Wednesday, June 20, 2007

nVidia Tesla: let's see some benchmarks first

nVidia announced their Tesla GPU platform today.

Stats:

  • 4 GPUs in a 1U rack
  • Recommends 1 CPU per GPU
  • 800 watts at max load

That last stat should scare the crap out of anyone who imagines building a full-height rack (42U) out of these. Ask your datacenter guys how excited they'd be to put in a rack that draws 280 amps? This is double what a rack of dual quad core Clovertown Xeons will use at full load.

They also cost $12000 per 1U, according to Gizmodo I think. A rack? A cool half mil (retail). They'll throw in a free nVidia hat, I'm sure.

If you buy these, you better be damn sure you can get orders of magnitude better performance on the GPU with your algorithm. 3x performance for 3x the price won't make it worth any headaches.
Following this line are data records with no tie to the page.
lemma card_opp_subspaces_containing:
  fixes c :: "('a::{field,finite}^'m) set list"
  assumes c: "c \<in> max_flags n" "CARD('m) = n + 1" and k: "k \<le> n"
    and V: "vec.subspace V" "vec.dim V = k + 1" "V \<inter> flag_sub c (n - k) = {0}"
    and B: "vec.subspace B" "B \<subseteq> V" "B \<inter> flag_sub c (n + 1 - k) = {0}" "vec.dim B \<le> k"
  shows "card {H \<in> opp_subspaces c k V. B \<subseteq> H} = CARD('a) ^ (k - vec.dim B)"
proof -
  let ?U = "flag_sub c (n + 1 - k)" and ?U' = "flag_sub c (n - k)"
  define P where "P = V \<inter> ?U"
  have U: "vec.subspace ?U" "vec.dim ?U = n + 1 - k" and U': "vec.subspace ?U'" "vec.dim ?U' = n - k"
    using flag_sub_subspace_dim[OF c] by auto
  have "?U' \<subseteq> ?U" using monoD[OF mono_flag_sub[OF c(1)], of "n - k" "n + 1 - k"] by simp
  then have dim_P: "vec.dim P = 1"
    unfolding P_def using k c(2) V U U' by (intro dim_Int_eq_one) auto
  have P: "vec.subspace P" "P \<subseteq> V" "P \<inter> B = {0}"
    using vec.subspace_inter[OF V(1) U(1)] B(3) vec.subspace_0[OF B(1)] vec.subspace_0[OF V(1)]
    by (auto simp: P_def)
  have "{H \<in> opp_subspaces c k V. B \<subseteq> H} = {H. vec.subspace H \<and> B \<subseteq> H \<and> H \<subseteq> V \<and>
      vec.dim H = vec.dim B + (k - vec.dim B) \<and> H \<inter> P = {0}}"
    using B(4) length_max_flags[OF c(1)] by (auto simp: opp_subspaces_def P_def)
  also have "card \<dots> = CARD('a) ^ (vec.dim P * (k - vec.dim B))"
    using V(2) B(4) dim_P by (intro card_subspaces_between_avoiding V(1) P B(1,2)) auto
  finally show ?thesis using dim_P by simp
qed

definition nth_or_UNIV :: "'b set list \<Rightarrow> nat \<Rightarrow> 'b set" where
  "nth_or_UNIV ys p = (if p < length ys then ys ! p else UNIV)"

lemma nth_or_UNIV_Cons_0 [simp]: "nth_or_UNIV (H # ys) 0 = H"
  by (simp add: nth_or_UNIV_def)

lemma nth_or_UNIV_Cons_Suc [simp]: "nth_or_UNIV (H # ys) (Suc p) = nth_or_UNIV ys p"
  by (simp add: nth_or_UNIV_def)

text \<open>ys = [U_k, ..., U_n] lists the members of level at least k of a flag opposite to c, with
  Q m U_m at every level m; thus ys ! p = U_(k+p), and nth_or_UNIV ys (length ys) = U_(n+1) is the
  whole space.\<close>

definition opp_tails :: "('a::field^'m) set list \<Rightarrow> (nat \<Rightarrow> ('a^'m) set \<Rightarrow> bool) \<Rightarrow> nat
    \<Rightarrow> ('a^'m) set list set" where
  "opp_tails c Q k = {ys. length ys = length c + 1 - k \<and> (\<forall>p<length ys.
     ys ! p \<in> opp_subspaces c (k + p) (nth_or_UNIV ys (Suc p)) \<and> Q (k + p) (ys ! p))}"

lemma opp_tails_top: "opp_tails c Q (length c + 1) = {[]}"
  by (auto simp: opp_tails_def)

lemma Cons_mem_opp_tails_iff:
  assumes "k \<le> length c"
  shows "H # ys \<in> opp_tails c Q k \<longleftrightarrow>
    ys \<in> opp_tails c Q (Suc k) \<and> H \<in> opp_subspaces c k (nth_or_UNIV ys 0) \<and> Q k H"
  using assms by (auto simp: opp_tails_def All_less_Suc2)

lemma opp_tails_eq_Cons_image:
  assumes "k \<le> length c"
  shows "opp_tails c Q k = (\<lambda>(ys, H). H # ys) `
    (SIGMA ys:opp_tails c Q (Suc k). {H \<in> opp_subspaces c k (nth_or_UNIV ys 0). Q k H})"
proof (intro equalityI subsetI)
  fix zs assume zs: "zs \<in> opp_tails c Q k"
  then have "zs \<noteq> []" using assms by (auto simp: opp_tails_def)
  then obtain H ys where "zs = H # ys" by (cases zs) auto
  then show "zs \<in> (\<lambda>(ys, H). H # ys) `
      (SIGMA ys:opp_tails c Q (Suc k). {H \<in> opp_subspaces c k (nth_or_UNIV ys 0). Q k H})"
    using zs Cons_mem_opp_tails_iff[OF assms] by force
qed (use Cons_mem_opp_tails_iff[OF assms] in auto)

lemma finite_opp_tails: "finite (opp_tails (c :: ('a::{field,finite}^'m) set list) Q k)"
  by (rule finite_subset[OF _ finite_lists_length_eq[of UNIV "length c + 1 - k"]])
    (auto simp: opp_tails_def)

lemma card_opp_tails:
  fixes c :: "('a::{field,finite}^'m) set list"
  assumes "k \<le> length c + 1"
    and "\<And>m ys. k \<le> m \<Longrightarrow> m \<le> length c \<Longrightarrow> ys \<in> opp_tails c Q (Suc m) \<Longrightarrow>
      card {H \<in> opp_subspaces c m (nth_or_UNIV ys 0). Q m H} = f m"
  shows "card (opp_tails c Q k) = (\<Prod>m\<in>{k..length c}. f m)"
  using assms
proof (induction k rule: inc_induct)
  case base
  then show ?case using opp_tails_top[of c Q] by simp
next
  case (step k)
  have k: "k \<le> length c" using step.hyps(2) by simp
  have "inj_on (\<lambda>(ys, H). H # ys)
      (SIGMA ys:opp_tails c Q (Suc k). {H \<in> opp_subspaces c k (nth_or_UNIV ys 0). Q k H})"
    by (auto simp: inj_on_def)
  then have "card (opp_tails c Q k) = card
      (SIGMA ys:opp_tails c Q (Suc k). {H \<in> opp_subspaces c k (nth_or_UNIV ys 0). Q k H})"
    unfolding opp_tails_eq_Cons_image[OF k] by (rule card_image)
  also have "\<dots> = (\<Sum>ys\<in>opp_tails c Q (Suc k). card {H \<in> opp_subspaces c k (nth_or_UNIV ys 0). Q k H})"
    by (rule card_SigmaI) (simp_all add: finite_opp_tails)
  also have "\<dots> = (\<Sum>ys\<in>opp_tails c Q (Suc k). f k)"
    using step.prems k by (intro sum.cong) auto
  also have "\<dots> = f k * (\<Prod>m\<in>{Suc k..length c}. f m)"
    using step.IH step.prems by simp
  also have "\<dots> = (\<Prod>m\<in>{k..length c}. f m)"
    using k by (simp add: prod.atLeast_Suc_atMost)
  finally show ?case .
qed

lemma top_of_opp_tail:
  fixes c :: "('a::field^'m) set list"
  assumes c: "c \<in> max_flags n" "CARD('m) = n + 1" and ys: "ys \<in> opp_tails c Q (Suc k)" and k: "k \<le> n"
  shows "vec.subspace (nth_or_UNIV ys 0)" "vec.dim (nth_or_UNIV ys 0) = k + 1"
    "nth_or_UNIV ys 0 \<inter> flag_sub c (n - k) = {0}" "ys \<noteq> [] \<Longrightarrow> Q (Suc k) (nth_or_UNIV ys 0)"
proof -
  have len_c: "length c = n" using c(1) by (rule length_max_flags)
  have "vec.subspace (nth_or_UNIV ys 0) \<and> vec.dim (nth_or_UNIV ys 0) = k + 1 \<and>
    nth_or_UNIV ys 0 \<inter> flag_sub c (n - k) = {0} \<and> (ys \<noteq> [] \<longrightarrow> Q (Suc k) (nth_or_UNIV ys 0))"
  proof (cases ys)
    case Nil
    then have "k = n" using ys k len_c by (simp add: opp_tails_def)
    then show ?thesis using Nil c(2)
      by (simp add: nth_or_UNIV_def flag_sub_def vec.subspace_UNIV card_cart_basis)
  next
    case (Cons H ys')
    then have "H \<in> opp_subspaces c (Suc k) (nth_or_UNIV ys 1) \<and> Q (Suc k) H"
      using ys unfolding opp_tails_def by force
    then show ?thesis using Cons len_c by (simp add: opp_subspaces_def)
  qed
  then show "vec.subspace (nth_or_UNIV ys 0)" "vec.dim (nth_or_UNIV ys 0) = k + 1"
    "nth_or_UNIV ys 0 \<inter> flag_sub c (n - k) = {0}" "ys \<noteq> [] \<Longrightarrow> Q (Suc k) (nth_or_UNIV ys 0)"
    by auto
qed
I've long been a skeptic of general computing for the GPU, mostly because of the practicality of the hardware itself in a farm. When nVidia first approached a company I was working for in 2003, we politely listened to the GPU computation idea but knew it wasn't workable. We had 1,000 machines in the renderfarm, how could we justify a $1,000,000 expense of putting a Quadro FX GPU in every one of them, much less add the A/C to deal with it?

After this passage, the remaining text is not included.